***** DATA FOR ANALYSIS

lemma nn_integral_weighted_staircase_le:
  fixes p \<beta> :: real
  assumes p: "p > 0" and \<beta>: "\<beta> > -1 / p" and N: "N \<ge> 1"
  shows "(\<integral>\<^sup>+ x. indicator {-1..1} x * ennreal (\<bar>wbb \<beta> x * staircase (\<beta> + 1 / p) N x\<bar> powr p) \<partial>lborel)
     \<le> ennreal (max 1 (2 powr (p * \<beta>)) * ((real N - 1) * ln 2 + 1 / (p * \<beta> + 1)))"
proof -
  define K where "K = max 1 (2 powr (p * \<beta>))"
  have \<gamma>: "p * \<beta> > -1" using \<beta> p by (simp add: field_simps)
  have "(\<integral>\<^sup>+ x. indicator {-1..1} x * ennreal (\<bar>wbb \<beta> x * staircase (\<beta> + 1 / p) N x\<bar> powr p) \<partial>lborel)
     \<le> (\<integral>\<^sup>+ x. ennreal (K * staircase_majorant (p * \<beta>) N x) * indicator {1/2..1} x \<partial>lborel)"
  proof (rule nn_integral_mono)
    fix x :: real
    consider "x < 1/2" | "1/2 \<le> x \<and> x < 1" | "x = 1" | "x > 1" by linarith
    then show "indicator {-1..1} x * ennreal (\<bar>wbb \<beta> x * staircase (\<beta> + 1 / p) N x\<bar> powr p)
       \<le> ennreal (K * staircase_majorant (p * \<beta>) N x) * indicator {1/2..1} x"
    proof cases
      case 2
      then show ?thesis using weighted_staircase_powr_le_majorant[OF p \<beta>, of x N] unfolding K_def
        by (auto simp: indicator_def intro!: ennreal_leI)
    qed (simp_all add: staircase_eq_0 wbb_def indicator_def)
  qed
  also have "\<dots> = ennreal (K * ((real N - 1) * ln 2 + 1 / (p * \<beta> + 1)))"
    using has_integral_mult_right[OF staircase_majorant_has_integral[OF \<gamma> N], of K]
      staircase_majorant_nonneg
    by (intro nn_integral_has_integral_lebesgue') (auto simp: K_def)
  finally show ?thesis unfolding K_def .
qed
definition Ccoef :: "nat \<Rightarrow> nat \<Rightarrow> nat \<Rightarrow> nat \<Rightarrow> nat \<Rightarrow> nat \<Rightarrow> real" where
  "Ccoef mu1 mu2 i j k m = integral {0..pi/2}
     (\<lambda>x. eigf mu1 mu2 i x * eigf mu1 mu2 j x * eigf mu1 mu2 k x * eigf mu1 mu2 m x
          * sin (2 * x))"

end

theory Submission
  imports Defs "HOL-Computational_Algebra.Polynomial"
begin

text \<open>Substituting y = cos 2x, one has e_n = N_n w^(1/2) P_n(y) with the Jacobi weight
  w(y) = (1 - y)^mu1 (1 + y)^mu2, and sin 2x dx = -dy/2. Hence C_ijkm is a multiple of the
  integral over [-1, 1] of w P_m Q, where Q = w P_i P_j P_k is a polynomial of degree at most
  mu1 + mu2 + i + j + k. Each of the four resonance conditions says that one index, say m,
  equals the sum of the other three plus mu1 + mu2 + 1, so deg Q < m. By Rodrigues' formula
  w P_m is a multiple of the m-th derivative of (1 + y)^(m + mu2) (1 - y)^(m + mu1); integrating
  by parts m times moves all derivatives onto Q, and the boundary terms vanish because that
  polynomial has zeros of order m at y = 1 and y = -1.\<close>

lemma pderiv_sum: "pderiv (\<Sum>i\<in>S. f i) = (\<Sum>i\<in>S. pderiv (f i))"
  by (induction S rule: infinite_finite_induct) (auto simp: pderiv_add)

lemma higher_pderiv_mult:
  fixes p q :: "'a::{comm_semiring_1,semiring_no_zero_divisors} poly"
  shows "(pderiv ^^ n) (p * q) =
    (\<Sum>i\<le>n. smult (of_nat (n choose i)) ((pderiv ^^ i) p * (pderiv ^^ (n - i)) q))"
proof (induction n)
  case 0
  then show ?case by simp
next
  case (Suc n)
  define F where "F i j = (pderiv ^^ i) p * (pderiv ^^ j) q" for i j
  define A where "A = (\<Sum>i\<le>n. smult (of_nat (n choose i)) (F i (Suc n - i)))"
  define B where "B = (\<Sum>i\<le>n. smult (of_nat (n choose i)) (F (Suc i) (n - i)))"
  have "(pderiv ^^ Suc n) (p * q) = A + B"
    by (simp add: Suc A_def B_def F_def pderiv_sum pderiv_smult pderiv_mult sum.distrib
        smult_add_right Suc_diff_le algebra_simps)
  also have "A = F 0 (Suc n) + (\<Sum>i\<le>n. smult (of_nat (n choose Suc i)) (F (Suc i) (n - i)))"
  proof -
    have "A = (\<Sum>i\<le>Suc n. smult (of_nat (n choose i)) (F i (Suc n - i)))"
      by (simp add: A_def binomial_eq_0)
    then show ?thesis
      by (simp only: sum.atMost_Suc_shift) simp
  qed
  also have "F 0 (Suc n) + (\<Sum>i\<le>n. smult (of_nat (n choose Suc i)) (F (Suc i) (n - i))) + B
      = (\<Sum>i\<le>Suc n. smult (of_nat (Suc n choose i)) (F i (Suc n - i)))"
    by (simp add: sum.atMost_Suc_shift B_def sum.distrib smult_add_left add_ac del: sum.atMost_Suc)
  finally show ?case
    by (simp add: F_def)
qed
lemma sum_list_top_seq: "sum_list (top_seq d n) = sum_list (bot_seq d) + d * (n - d)"
proof -
  have "sum_list (map (\<lambda>k. Suc k + c) xs) = sum_list (map Suc xs) + length xs * c" for xs c
    by (induction xs) simp_all
  then show ?thesis
    unfolding top_seq_def bot_seq_def by simp
qed

lemma bless_imp_bump_bleq:
  assumes "a \<in> Idn d n" "b \<in> Idn d n" "bless a b"
  shows "\<exists>k<d. bump a k \<in> Idn d n \<and> bleq (bump a k) b"
proof -
  have len: "length a = d" "length b = d"
    using assms Idn_length by auto
  \<comment> \<open>raise the last position where a is strictly below b\<close>
  define S where "S = {k. k < d \<and> a ! k < b ! k}"
  have "S \<noteq> {}" "finite S"
    using bleq_neq_imp_nth_less assms(3) len unfolding bless_def S_def by auto
  define k where "k = Max S"
  have k: "k < d" "a ! k < b ! k"
    using Max_in[OF \<open>finite S\<close> \<open>S \<noteq> {}\<close>] unfolding k_def S_def by auto
  have above_k: "a ! j = b ! j" if "j < d" "k < j" for j
  proof -
    have "j \<notin> S"
      using that Max_ge[OF \<open>finite S\<close>, of j] unfolding k_def by auto
    moreover have "a ! j \<le> b ! j"
      using assms(3) that len unfolding bless_def bleq_def by auto
    ultimately show ?thesis
      using that unfolding S_def by simp
  qed
  have "bump a k \<in> Idn d n"
  proof (rule bump_in_Idn[OF assms(1) k(1)])
    show "Suc (a ! k) < a ! Suc k" if "Suc k < d"
      using above_k[of "Suc k"] assms(2) that k unfolding Idn_iff_nth by fastforce
    show "Suc (a ! k) \<le> n"
      using k assms(2) unfolding Idn_iff_nth by fastforce
  qed
  moreover have "bleq (bump a k) b"
    using assms(3) k len unfolding bless_def bleq_def by (auto simp: nth_bump)
  ultimately show ?thesis
    using k by blast
qed

lemma bleq_sum_list_Suc_imp_bump_Idn:
  assumes "bleq a b" "sum_list b = Suc (sum_list a)" "b \<in> Idn d n"
  shows "\<exists>k<d. b = bump a k"
  using bleq_sum_list_Suc_imp_bump[OF assms(1,2)] assms(1,3) Idn_length unfolding bleq_def by metis

subsection \<open>Maximal chains\<close>

definition saturated :: "nat \<Rightarrow> nat list list \<Rightarrow> bool" where
  "saturated d c \<longleftrightarrow> (\<forall>i. Suc i < length c \<longrightarrow> (\<exists>k<d. c ! Suc i = bump (c ! i) k))"

lemma saturated_sum_list:
  assumes "saturated d c" "set c \<subseteq> Idn d n" "i \<le> j" "j < length c"
  shows "sum_list (c ! j) = sum_list (c ! i) + (j - i)"
  using assms(3,4)
proof (induction j)
  case (Suc j)
  show ?case
  proof (cases "i = Suc j")
    case False
    have "c ! j \<in> Idn d n"
      using assms(2) Suc(3) by (simp add: subset_iff)
    then have "length (c ! j) = d"
      by (rule Idn_length)
    moreover obtain k where "k < d" "c ! Suc j = bump (c ! j) k"
      using assms(1) Suc(3) unfolding saturated_def by blast
    ultimately show ?thesis
      using Suc False sum_list_bump by simp
  qed simp
qed simp

lemma maxchain_set: "maxchain d n c \<Longrightarrow> set c \<subseteq> Idn d n"
  by (simp add: maxchain_def)

lemma maxchain_nth_in_Idn: "maxchain d n c \<Longrightarrow> i < length c \<Longrightarrow> c ! i \<in> Idn d n"
  by (simp add: maxchain_def subset_iff)

lemma maxchain_nth_length: "maxchain d n c \<Longrightarrow> i < length c \<Longrightarrow> length (c ! i) = d"
  using maxchain_nth_in_Idn Idn_length by blast

lemma maxchain_bleq_nth:
  assumes "maxchain d n c" "i \<le> j" "j < length c"
  shows "bleq (c ! i) (c ! j)"
  using assms(2,3)
proof (induction j)
  case (Suc j)
  show ?case
  proof (cases "i = Suc j")
    case False
    then have "bleq (c ! i) (c ! j)"
      using Suc by simp
    moreover have "bless (c ! j) (c ! Suc j)"
      using assms(1) Suc(3) unfolding maxchain_def by blast
    ultimately show ?thesis
      using bleq_trans unfolding bless_def by blast
  qed (simp add: bleq_refl)
qed (simp add: bleq_refl)

lemma maxchain_between_mem:
  assumes mc: "maxchain d n c" and i: "Suc i < length c"
    and y: "y \<in> Idn d n" "bleq (c ! i) y" "bleq y (c ! Suc i)"
  shows "y \<in> set c"
proof -
  have "bleq y z \<or> bleq z y" if "z \<in> set c" for z
  proof -
    obtain j where j: "j < length c" "z = c ! j"
      using \<open>z \<in> set c\<close> by (auto simp: in_set_conv_nth)
    show ?thesis
    proof (cases "j \<le> i")
      case True
      then show ?thesis
        using maxchain_bleq_nth[OF mc True] i j y(2) bleq_trans by auto
    next
      case False
      then show ?thesis
        using maxchain_bleq_nth[OF mc, of "Suc i" j] j y(3) bleq_trans by auto
    qed
  qed
  then show ?thesis
    using mc y(1) unfolding maxchain_def by blast
qed

lemma maxchain_Suc_eq_bump:
  assumes mc: "maxchain d n c" and i: "Suc i < length c"
  shows "\<exists>k<d. c ! Suc i = bump (c ! i) k"
proof -
  define a where "a = c ! i"
  define b where "b = c ! Suc i"
  have ab: "a \<in> Idn d n" "b \<in> Idn d n" "bless a b"
    using mc i maxchain_nth_in_Idn unfolding maxchain_def a_def b_def by auto
  obtain k where k: "k < d" "bump a k \<in> Idn d n" "bleq (bump a k) b"
    using bless_imp_bump_bleq[OF ab] by blast
  have len: "length a = d"
    using ab Idn_length by simp
  have "bump a k \<in> set c"
    using maxchain_between_mem[OF mc i k(2)] bleq_bump[of k a] k(1,3) len unfolding a_def b_def by simp
  then obtain j where j: "j < length c" "bump a k = c ! j"
    by (auto simp: in_set_conv_nth)
  have "\<not> j \<le> i"
  proof
    assume "j \<le> i"
    then have "sum_list (bump a k) \<le> sum_list a"
      using bleq_sum_list_le maxchain_bleq_nth[OF mc, of j i] i j unfolding a_def by simp
    then show False
      using sum_list_bump k(1) len by simp
  qed
  then have "bleq b (bump a k)"
    using maxchain_bleq_nth[OF mc, of "Suc i" j] j unfolding b_def by simp
  then show ?thesis
    using bleq_antisym k unfolding a_def b_def by metis
qed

**********

Look through the material above and print exactly the lines from the one containing "using maxchain_nth_in_Idn Idn_length" to the one containing "j) (c ! Suc", both included, and nothing more.

- _TASK SOLUTION_
  using maxchain_nth_in_Idn Idn_length by blast

lemma maxchain_bleq_nth:
  assumes "maxchain d n c" "i \<le> j" "j < length c"
  shows "bleq (c ! i) (c ! j)"
  using assms(2,3)
proof (induction j)
  case (Suc j)
  show ?case
  proof (cases "i = Suc j")
    case False
    then have "bleq (c ! i) (c ! j)"
      using Suc by simp
    moreover have "bless (c ! j) (c ! Suc j)"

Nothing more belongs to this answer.